[Start of section]

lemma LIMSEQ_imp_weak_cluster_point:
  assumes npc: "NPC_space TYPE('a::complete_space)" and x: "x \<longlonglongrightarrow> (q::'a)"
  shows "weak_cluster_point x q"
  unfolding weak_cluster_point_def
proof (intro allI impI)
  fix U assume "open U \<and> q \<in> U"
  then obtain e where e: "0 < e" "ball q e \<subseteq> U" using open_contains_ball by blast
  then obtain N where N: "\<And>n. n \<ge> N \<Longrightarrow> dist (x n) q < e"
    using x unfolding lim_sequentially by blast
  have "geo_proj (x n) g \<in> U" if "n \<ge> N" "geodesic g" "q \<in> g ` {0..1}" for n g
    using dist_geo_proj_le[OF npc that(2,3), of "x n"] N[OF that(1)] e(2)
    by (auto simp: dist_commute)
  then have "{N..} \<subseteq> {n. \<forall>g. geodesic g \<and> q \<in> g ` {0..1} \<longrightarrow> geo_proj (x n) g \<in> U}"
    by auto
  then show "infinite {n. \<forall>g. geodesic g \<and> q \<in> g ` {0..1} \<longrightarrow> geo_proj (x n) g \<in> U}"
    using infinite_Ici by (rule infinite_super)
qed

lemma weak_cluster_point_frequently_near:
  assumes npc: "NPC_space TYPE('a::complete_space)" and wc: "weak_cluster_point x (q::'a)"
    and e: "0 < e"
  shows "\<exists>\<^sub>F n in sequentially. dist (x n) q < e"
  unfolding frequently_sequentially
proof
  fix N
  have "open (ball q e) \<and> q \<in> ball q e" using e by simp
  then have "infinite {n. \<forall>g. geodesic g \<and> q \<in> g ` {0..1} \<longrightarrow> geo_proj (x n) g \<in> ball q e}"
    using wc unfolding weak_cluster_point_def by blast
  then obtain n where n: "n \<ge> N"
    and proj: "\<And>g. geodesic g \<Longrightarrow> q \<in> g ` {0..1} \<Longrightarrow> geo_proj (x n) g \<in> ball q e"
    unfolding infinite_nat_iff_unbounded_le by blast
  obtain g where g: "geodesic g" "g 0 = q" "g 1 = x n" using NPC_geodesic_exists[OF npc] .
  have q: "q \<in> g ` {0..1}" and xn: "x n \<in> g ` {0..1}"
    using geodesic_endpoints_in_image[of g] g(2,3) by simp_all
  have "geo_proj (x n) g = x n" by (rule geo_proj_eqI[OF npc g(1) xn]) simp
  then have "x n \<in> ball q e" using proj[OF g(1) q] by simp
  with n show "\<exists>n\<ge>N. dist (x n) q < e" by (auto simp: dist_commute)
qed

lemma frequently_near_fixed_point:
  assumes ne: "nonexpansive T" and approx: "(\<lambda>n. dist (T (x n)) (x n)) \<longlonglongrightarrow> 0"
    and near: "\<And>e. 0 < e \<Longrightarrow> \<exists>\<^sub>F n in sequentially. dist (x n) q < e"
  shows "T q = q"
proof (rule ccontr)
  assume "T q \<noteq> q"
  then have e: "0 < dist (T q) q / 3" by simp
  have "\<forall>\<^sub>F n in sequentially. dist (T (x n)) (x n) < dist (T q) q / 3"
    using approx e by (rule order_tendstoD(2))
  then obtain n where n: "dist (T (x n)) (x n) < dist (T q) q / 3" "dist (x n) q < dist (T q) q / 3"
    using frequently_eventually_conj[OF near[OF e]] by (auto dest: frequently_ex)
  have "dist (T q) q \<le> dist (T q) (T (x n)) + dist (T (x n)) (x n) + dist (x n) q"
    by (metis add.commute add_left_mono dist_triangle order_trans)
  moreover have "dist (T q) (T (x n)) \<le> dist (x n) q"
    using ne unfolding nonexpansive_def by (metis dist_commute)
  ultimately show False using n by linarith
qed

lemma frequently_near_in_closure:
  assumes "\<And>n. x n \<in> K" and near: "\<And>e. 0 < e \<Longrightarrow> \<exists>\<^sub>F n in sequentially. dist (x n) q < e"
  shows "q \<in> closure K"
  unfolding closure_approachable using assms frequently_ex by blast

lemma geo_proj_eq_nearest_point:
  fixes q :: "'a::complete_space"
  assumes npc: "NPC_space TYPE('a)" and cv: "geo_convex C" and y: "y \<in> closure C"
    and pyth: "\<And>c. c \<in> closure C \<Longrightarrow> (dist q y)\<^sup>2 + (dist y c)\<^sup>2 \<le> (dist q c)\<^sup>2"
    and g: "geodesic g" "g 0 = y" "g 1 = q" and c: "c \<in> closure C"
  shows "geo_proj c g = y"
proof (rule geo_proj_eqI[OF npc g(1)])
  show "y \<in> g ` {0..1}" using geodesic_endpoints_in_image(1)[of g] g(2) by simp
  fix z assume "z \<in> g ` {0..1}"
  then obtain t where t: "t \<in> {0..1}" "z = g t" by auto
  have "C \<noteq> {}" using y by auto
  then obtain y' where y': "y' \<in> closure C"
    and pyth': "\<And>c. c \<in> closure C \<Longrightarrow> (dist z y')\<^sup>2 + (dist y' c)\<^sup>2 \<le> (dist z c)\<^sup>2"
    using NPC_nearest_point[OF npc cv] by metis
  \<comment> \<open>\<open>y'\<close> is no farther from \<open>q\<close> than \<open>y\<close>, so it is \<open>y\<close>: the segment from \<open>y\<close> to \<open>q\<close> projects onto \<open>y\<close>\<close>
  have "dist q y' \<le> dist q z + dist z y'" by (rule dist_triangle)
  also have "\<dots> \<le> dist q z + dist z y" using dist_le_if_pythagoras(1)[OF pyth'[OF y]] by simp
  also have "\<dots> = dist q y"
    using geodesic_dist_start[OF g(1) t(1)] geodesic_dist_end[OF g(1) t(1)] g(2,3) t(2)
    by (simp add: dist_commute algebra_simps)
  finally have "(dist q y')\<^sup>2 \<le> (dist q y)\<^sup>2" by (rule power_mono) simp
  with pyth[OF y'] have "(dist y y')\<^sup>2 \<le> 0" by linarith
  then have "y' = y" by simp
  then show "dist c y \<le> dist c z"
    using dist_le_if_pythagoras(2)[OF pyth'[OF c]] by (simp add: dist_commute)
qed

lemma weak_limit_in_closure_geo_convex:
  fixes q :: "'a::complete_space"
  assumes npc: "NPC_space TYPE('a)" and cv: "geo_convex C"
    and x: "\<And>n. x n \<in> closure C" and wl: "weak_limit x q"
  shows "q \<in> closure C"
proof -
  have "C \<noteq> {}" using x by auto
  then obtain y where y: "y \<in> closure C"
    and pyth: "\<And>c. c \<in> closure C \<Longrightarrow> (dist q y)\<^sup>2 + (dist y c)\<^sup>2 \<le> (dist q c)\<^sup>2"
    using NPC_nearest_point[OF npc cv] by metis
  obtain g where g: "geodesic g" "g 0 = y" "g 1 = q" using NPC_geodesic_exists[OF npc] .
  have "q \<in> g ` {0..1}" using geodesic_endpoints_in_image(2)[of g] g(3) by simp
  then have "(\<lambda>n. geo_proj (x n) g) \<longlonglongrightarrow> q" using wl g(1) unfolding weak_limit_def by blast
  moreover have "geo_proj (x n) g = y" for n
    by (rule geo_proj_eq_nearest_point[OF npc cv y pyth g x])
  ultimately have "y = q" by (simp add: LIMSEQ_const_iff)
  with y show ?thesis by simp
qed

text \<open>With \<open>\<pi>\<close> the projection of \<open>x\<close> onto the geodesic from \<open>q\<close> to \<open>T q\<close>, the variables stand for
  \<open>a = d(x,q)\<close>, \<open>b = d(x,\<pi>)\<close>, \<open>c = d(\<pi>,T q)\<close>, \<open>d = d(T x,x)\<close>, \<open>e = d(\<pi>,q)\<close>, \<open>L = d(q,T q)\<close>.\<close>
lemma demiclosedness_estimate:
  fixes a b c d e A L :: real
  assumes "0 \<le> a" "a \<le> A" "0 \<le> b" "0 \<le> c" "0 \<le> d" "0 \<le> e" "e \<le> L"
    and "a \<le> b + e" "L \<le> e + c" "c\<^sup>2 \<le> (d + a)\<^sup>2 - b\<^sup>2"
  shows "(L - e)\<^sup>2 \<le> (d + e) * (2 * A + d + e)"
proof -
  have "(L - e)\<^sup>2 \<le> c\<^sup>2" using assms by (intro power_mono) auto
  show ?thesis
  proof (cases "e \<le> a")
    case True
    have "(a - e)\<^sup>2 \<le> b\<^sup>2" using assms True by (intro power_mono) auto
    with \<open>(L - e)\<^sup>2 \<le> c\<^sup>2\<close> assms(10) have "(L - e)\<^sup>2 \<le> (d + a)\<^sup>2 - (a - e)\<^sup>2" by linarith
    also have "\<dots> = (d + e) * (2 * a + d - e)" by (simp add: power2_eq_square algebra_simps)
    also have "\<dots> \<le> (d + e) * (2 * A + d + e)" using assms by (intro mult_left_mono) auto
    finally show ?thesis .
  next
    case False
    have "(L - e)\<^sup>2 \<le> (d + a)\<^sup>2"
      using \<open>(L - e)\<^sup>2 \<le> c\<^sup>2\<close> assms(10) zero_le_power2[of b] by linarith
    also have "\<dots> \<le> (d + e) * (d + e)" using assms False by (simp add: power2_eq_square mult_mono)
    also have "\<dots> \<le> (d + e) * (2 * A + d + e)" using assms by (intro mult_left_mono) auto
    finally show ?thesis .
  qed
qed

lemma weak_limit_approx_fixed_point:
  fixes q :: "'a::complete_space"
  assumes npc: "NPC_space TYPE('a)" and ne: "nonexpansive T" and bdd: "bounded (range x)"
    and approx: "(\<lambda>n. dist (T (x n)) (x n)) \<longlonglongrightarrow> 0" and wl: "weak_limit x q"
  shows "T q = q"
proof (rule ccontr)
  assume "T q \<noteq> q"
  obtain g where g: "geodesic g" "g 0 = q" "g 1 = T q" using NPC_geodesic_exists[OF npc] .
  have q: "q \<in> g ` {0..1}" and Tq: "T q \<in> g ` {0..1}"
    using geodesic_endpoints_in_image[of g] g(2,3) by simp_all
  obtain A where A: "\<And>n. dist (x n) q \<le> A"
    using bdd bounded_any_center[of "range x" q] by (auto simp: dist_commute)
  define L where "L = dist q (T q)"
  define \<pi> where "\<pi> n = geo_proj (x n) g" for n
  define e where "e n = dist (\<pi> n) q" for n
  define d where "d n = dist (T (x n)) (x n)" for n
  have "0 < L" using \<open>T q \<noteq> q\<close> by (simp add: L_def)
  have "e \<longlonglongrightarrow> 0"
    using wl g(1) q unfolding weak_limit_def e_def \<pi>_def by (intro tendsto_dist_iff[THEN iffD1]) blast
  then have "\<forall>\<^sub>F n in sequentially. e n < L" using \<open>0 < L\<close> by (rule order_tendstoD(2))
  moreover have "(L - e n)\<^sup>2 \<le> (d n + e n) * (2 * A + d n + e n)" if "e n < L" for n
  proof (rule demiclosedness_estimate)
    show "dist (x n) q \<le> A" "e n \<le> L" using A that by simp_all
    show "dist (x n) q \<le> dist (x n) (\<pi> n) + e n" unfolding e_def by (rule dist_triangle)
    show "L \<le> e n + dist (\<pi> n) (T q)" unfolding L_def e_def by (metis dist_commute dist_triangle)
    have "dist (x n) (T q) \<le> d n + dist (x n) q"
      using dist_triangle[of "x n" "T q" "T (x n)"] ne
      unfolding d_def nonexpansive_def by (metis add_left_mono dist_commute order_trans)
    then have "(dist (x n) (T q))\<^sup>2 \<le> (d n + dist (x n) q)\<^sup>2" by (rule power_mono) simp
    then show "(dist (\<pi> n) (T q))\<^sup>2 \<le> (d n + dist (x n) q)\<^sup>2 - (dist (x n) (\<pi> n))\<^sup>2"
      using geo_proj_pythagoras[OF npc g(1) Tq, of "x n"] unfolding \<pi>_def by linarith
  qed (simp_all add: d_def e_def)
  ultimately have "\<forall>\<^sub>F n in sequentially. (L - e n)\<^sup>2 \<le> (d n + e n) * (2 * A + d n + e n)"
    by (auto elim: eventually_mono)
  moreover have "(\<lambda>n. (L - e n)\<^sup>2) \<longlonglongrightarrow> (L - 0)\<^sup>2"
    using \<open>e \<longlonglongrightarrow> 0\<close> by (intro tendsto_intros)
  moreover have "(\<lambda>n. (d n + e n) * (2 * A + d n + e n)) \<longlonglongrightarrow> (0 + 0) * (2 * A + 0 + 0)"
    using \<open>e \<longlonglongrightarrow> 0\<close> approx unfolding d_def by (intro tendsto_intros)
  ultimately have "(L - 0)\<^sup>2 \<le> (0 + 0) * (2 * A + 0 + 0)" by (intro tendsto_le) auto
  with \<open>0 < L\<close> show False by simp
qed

[End of section]

What the task requires:
Ending with the line containing "using e by simp", please print exactly the lines of the material above from its first line onward, and nothing else.

Exercise output:
lemma LIMSEQ_imp_weak_cluster_point:
  assumes npc: "NPC_space TYPE('a::complete_space)" and x: "x \<longlonglongrightarrow> (q::'a)"
  shows "weak_cluster_point x q"
  unfolding weak_cluster_point_def
proof (intro allI impI)
  fix U assume "open U \<and> q \<in> U"
  then obtain e where e: "0 < e" "ball q e \<subseteq> U" using open_contains_ball by blast
  then obtain N where N: "\<And>n. n \<ge> N \<Longrightarrow> dist (x n) q < e"
    using x unfolding lim_sequentially by blast
  have "geo_proj (x n) g \<in> U" if "n \<ge> N" "geodesic g" "q \<in> g ` {0..1}" for n g
    using dist_geo_proj_le[OF npc that(2,3), of "x n"] N[OF that(1)] e(2)
    by (auto simp: dist_commute)
  then have "{N..} \<subseteq> {n. \<forall>g. geodesic g \<and> q \<in> g ` {0..1} \<longrightarrow> geo_proj (x n) g \<in> U}"
    by auto
  then show "infinite {n. \<forall>g. geodesic g \<and> q \<in> g ` {0..1} \<longrightarrow> geo_proj (x n) g \<in> U}"
    using infinite_Ici by (rule infinite_super)
qed

lemma weak_cluster_point_frequently_near:
  assumes npc: "NPC_space TYPE('a::complete_space)" and wc: "weak_cluster_point x (q::'a)"
    and e: "0 < e"
  shows "\<exists>\<^sub>F n in sequentially. dist (x n) q < e"
  unfolding frequently_sequentially
proof
  fix N
  have "open (ball q e) \<and> q \<in> ball q e" using e by simp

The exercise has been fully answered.